### What is needed
Each line below should be copied exactly as it stands.
● ● ●
(* Let $G$ be a connected graph on $n\ge 2$ vertices with Wiener index $W(G)$. Then $\gamma(G)\le \dfrac{n^2}{2W(G)}$, with equality if and only if $G$ is transmission-regular.
   Context: For a finite simple undirected graph $G$ with $n$ vertices, let $\mathcal{F}=\{x\in\mathbb{R}^{V(G)} : \sum_{v} x_v = 0,\ \|x\|_\infty = 1\}$, for $x\in\mathcal{F}$ let $\gamma_x(G)=\max_{uv\in E(G)}|x_u-x_v|$, and $\gamma(G)=\min_{x\in\mathcal{F}}\gamma_x(G)$. For a connected graph, $d(u,v)$ is shortest-path distance, $\operatorname{tr}(u)=\sum_v d(u,v)$, and $W(G)=\sum_{\{u,v\}}d(u,v)=\frac12\sum_u\operatorname{tr}(u)$ (sum over unordered pairs). $G$ is transmission-regular if all vertices have the same transmission. *)

theory Defs
  imports Main Complex_Main
begin

text \<open>A finite simple undirected graph: vertex set is the (finite) universe of
the type 'a, edges given by a symmetric irreflexive relation E.\<close>

definition simple_graph :: "('a \<Rightarrow> 'a \<Rightarrow> bool) \<Rightarrow> bool" where
  "simple_graph E \<longleftrightarrow> (\<forall>u v. E u v \<longrightarrow> E v u) \<and> (\<forall>u. \<not> E u u)"

definition connected_graph :: "('a \<Rightarrow> 'a \<Rightarrow> bool) \<Rightarrow> bool" where
  "connected_graph E \<longleftrightarrow> (\<forall>u v. \<exists>k. (E ^^ k) u v)"

text \<open>Shortest-path distance (length of a shortest walk = shortest path).\<close>
definition gdist :: "('a \<Rightarrow> 'a \<Rightarrow> bool) \<Rightarrow> 'a \<Rightarrow> 'a \<Rightarrow> nat" where
  "gdist E u v = (LEAST k. (E ^^ k) u v)"

definition transmission :: "('a::finite \<Rightarrow> 'a \<Rightarrow> bool) \<Rightarrow> 'a \<Rightarrow> nat" where
  "transmission E u = (\<Sum>v\<in>UNIV. gdist E u v)"

text \<open>Wiener index: sum of distances over unordered pairs = half the sum of transmissions.\<close>
definition wiener :: "('a::finite \<Rightarrow> 'a \<Rightarrow> bool) \<Rightarrow> real" where
  "wiener E = (\<Sum>u\<in>UNIV. real (transmission E u)) / 2"

definition transmission_regular :: "('a::finite \<Rightarrow> 'a \<Rightarrow> bool) \<Rightarrow> bool" where
  "transmission_regular E \<longleftrightarrow> (\<forall>u v. transmission E u = transmission E v)"

definition sup_norm :: "('a::finite \<Rightarrow> real) \<Rightarrow> real" where
  "sup_norm x = Max (range (\<lambda>v. \<bar>x v\<bar>))"

definition feasible :: "('a::finite \<Rightarrow> real) set" where
  "feasible = {x. (\<Sum>v\<in>UNIV. x v) = 0 \<and> sup_norm x = 1}"

definition gamma_x :: "('a::finite \<Rightarrow> 'a \<Rightarrow> bool) \<Rightarrow> ('a \<Rightarrow> real) \<Rightarrow> real" where
  "gamma_x E x = Max {\<bar>x u - x v\<bar> | u v. E u v}"

text \<open>gamma(G) = min over the feasible set; the minimum is attained (compactness),
so it coincides with the infimum used here.\<close>
definition gamma :: "('a::finite \<Rightarrow> 'a \<Rightarrow> bool) \<Rightarrow> real" where
  "gamma E = Inf (gamma_x E ` feasible)"

end

theory Submission
  imports Defs
begin

(* For a vertex w, the distance profile v \<mapsto> 1 - n d(w,v) / tr(w) has sum zero, value 1 at w,
   and changes by at most n / tr(w) along every edge; normalised to sup norm 1 it shows
   gamma(G) tr(w) \<le> n for every w, and summing over w gives gamma(G) 2W(G) \<le> n^2.
   Conversely, if x is feasible and |x u| = 1, then n = |\<Sum>v. x u - x v| \<le> tr(u) gamma_x(G),
   because x changes by at most gamma_x(G) along each edge of a shortest path. Equality in the sum forces
   gamma(G) tr(w) = n for all w, i.e. transmission-regularity; for a transmission-regular
   graph the lower bound n / tr meets the upper bound. *)

lemma gdist_walk:
  assumes "connected_graph E"
  shows "(E ^^ gdist E u v) u v"
  using assms unfolding connected_graph_def gdist_def by (metis LeastI_ex)

lemma gdist_le_walk:
  assumes "(E ^^ k) u v"
  shows "gdist E u v \<le> k"
  using assms unfolding gdist_def by (rule Least_le)

lemma gdist_self [simp]: "gdist E u u = 0"
  using gdist_le_walk[where k=0] by simp

lemma gdist_pos:
  assumes "connected_graph E" "u \<noteq> v"
  shows "gdist E u v > 0"
  using gdist_walk[OF assms(1), of u v] assms(2) by (cases "gdist E u v") auto

lemma gdist_edge_le:
  assumes "connected_graph E" "E u v"
  shows "gdist E w v \<le> gdist E w u + 1"
  using gdist_le_walk[OF relpowp_Suc_I[OF gdist_walk[OF assms(1)] assms(2)]] by simp

lemma abs_gdist_diff_edge_le:
  assumes "simple_graph E" "connected_graph E" "E u v"
  shows "\<bar>real (gdist E w u) - real (gdist E w v)\<bar> \<le> 1"
proof -
  have "E v u" using assms(1,3) unfolding simple_graph_def by blast
  then show ?thesis
    using gdist_edge_le[OF assms(2,3), of w] gdist_edge_le[OF assms(2) \<open>E v u\<close>, of w]
    by linarith
qed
● ● ●
### Problem solution
(* Let $G$ be a connected graph on $n\ge 2$ vertices with Wiener index $W(G)$. Then $\gamma(G)\le \dfrac{n^2}{2W(G)}$, with equality if and only if $G$ is transmission-regular.
   Context: For a finite simple undirected graph $G$ with $n$ vertices, let $\mathcal{F}=\{x\in\mathbb{R}^{V(G)} : \sum_{v} x_v = 0,\ \|x\|_\infty = 1\}$, for $x\in\mathcal{F}$ let $\gamma_x(G)=\max_{uv\in E(G)}|x_u-x_v|$, and $\gamma(G)=\min_{x\in\mathcal{F}}\gamma_x(G)$. For a connected graph, $d(u,v)$ is shortest-path distance, $\operatorname{tr}(u)=\sum_v d(u,v)$, and $W(G)=\sum_{\{u,v\}}d(u,v)=\frac12\sum_u\operatorname{tr}(u)$ (sum over unordered pairs). $G$ is transmission-regular if all vertices have the same transmission. *)

theory Defs
  imports Main Complex_Main
begin

text \<open>A finite simple undirected graph: vertex set is the (finite) universe of
the type 'a, edges given by a symmetric irreflexive relation E.\<close>

definition simple_graph :: "('a \<Rightarrow> 'a \<Rightarrow> bool) \<Rightarrow> bool" where
  "simple_graph E \<longleftrightarrow> (\<forall>u v. E u v \<longrightarrow> E v u) \<and> (\<forall>u. \<not> E u u)"

definition connected_graph :: "('a \<Rightarrow> 'a \<Rightarrow> bool) \<Rightarrow> bool" where
  "connected_graph E \<longleftrightarrow> (\<forall>u v. \<exists>k. (E ^^ k) u v)"

text \<open>Shortest-path distance (length of a shortest walk = shortest path).\<close>
definition gdist :: "('a \<Rightarrow> 'a \<Rightarrow> bool) \<Rightarrow> 'a \<Rightarrow> 'a \<Rightarrow> nat" where
  "gdist E u v = (LEAST k. (E ^^ k) u v)"

definition transmission :: "('a::finite \<Rightarrow> 'a \<Rightarrow> bool) \<Rightarrow> 'a \<Rightarrow> nat" where
  "transmission E u = (\<Sum>v\<in>UNIV. gdist E u v)"

text \<open>Wiener index: sum of distances over unordered pairs = half the sum of transmissions.\<close>
definition wiener :: "('a::finite \<Rightarrow> 'a \<Rightarrow> bool) \<Rightarrow> real" where
  "wiener E = (\<Sum>u\<in>UNIV. real (transmission E u)) / 2"

definition transmission_regular :: "('a::finite \<Rightarrow> 'a \<Rightarrow> bool) \<Rightarrow> bool" where
  "transmission_regular E \<longleftrightarrow> (\<forall>u v. transmission E u = transmission E v)"

definition sup_norm :: "('a::finite \<Rightarrow> real) \<Rightarrow> real" where
  "sup_norm x = Max (range (\<lambda>v. \<bar>x v\<bar>))"

definition feasible :: "('a::finite \<Rightarrow> real) set" where
  "feasible = {x. (\<Sum>v\<in>UNIV. x v) = 0 \<and> sup_norm x = 1}"

definition gamma_x :: "('a::finite \<Rightarrow> 'a \<Rightarrow> bool) \<Rightarrow> ('a \<Rightarrow> real) \<Rightarrow> real" where
  "gamma_x E x = Max {\<bar>x u - x v\<bar> | u v. E u v}"

text \<open>gamma(G) = min over the feasible set; the minimum is attained (compactness),
so it coincides with the infimum used here.\<close>
definition gamma :: "('a::finite \<Rightarrow> 'a \<Rightarrow> bool) \<Rightarrow> real" where
  "gamma E = Inf (gamma_x E ` feasible)"

end

theory Submission
  imports Defs
begin

(* For a vertex w, the distance profile v \<mapsto> 1 - n d(w,v) / tr(w) has sum zero, value 1 at w,
   and changes by at most n / tr(w) along every edge; normalised to sup norm 1 it shows
   gamma(G) tr(w) \<le> n for every w, and summing over w gives gamma(G) 2W(G) \<le> n^2.
   Conversely, if x is feasible and |x u| = 1, then n = |\<Sum>v. x u - x v| \<le> tr(u) gamma_x(G),
   because x changes by at most gamma_x(G) along each edge of a shortest path. Equality in the sum forces
   gamma(G) tr(w) = n for all w, i.e. transmission-regularity; for a transmission-regular
   graph the lower bound n / tr meets the upper bound. *)

lemma gdist_walk:
  assumes "connected_graph E"
  shows "(E ^^ gdist E u v) u v"
  using assms unfolding connected_graph_def gdist_def by (metis LeastI_ex)

lemma gdist_le_walk:
  assumes "(E ^^ k) u v"
  shows "gdist E u v \<le> k"
  using assms unfolding gdist_def by (rule Least_le)

lemma gdist_self [simp]: "gdist E u u = 0"
  using gdist_le_walk[where k=0] by simp

lemma gdist_pos:
  assumes "connected_graph E" "u \<noteq> v"
  shows "gdist E u v > 0"
  using gdist_walk[OF assms(1), of u v] assms(2) by (cases "gdist E u v") auto

lemma gdist_edge_le:
  assumes "connected_graph E" "E u v"
  shows "gdist E w v \<le> gdist E w u + 1"
  using gdist_le_walk[OF relpowp_Suc_I[OF gdist_walk[OF assms(1)] assms(2)]] by simp

lemma abs_gdist_diff_edge_le:
  assumes "simple_graph E" "connected_graph E" "E u v"
  shows "\<bar>real (gdist E w u) - real (gdist E w v)\<bar> \<le> 1"
proof -
  have "E v u" using assms(1,3) unfolding simple_graph_def by blast
  then show ?thesis
    using gdist_edge_le[OF assms(2,3), of w] gdist_edge_le[OF assms(2) \<open>E v u\<close>, of w]
    by linarith
qed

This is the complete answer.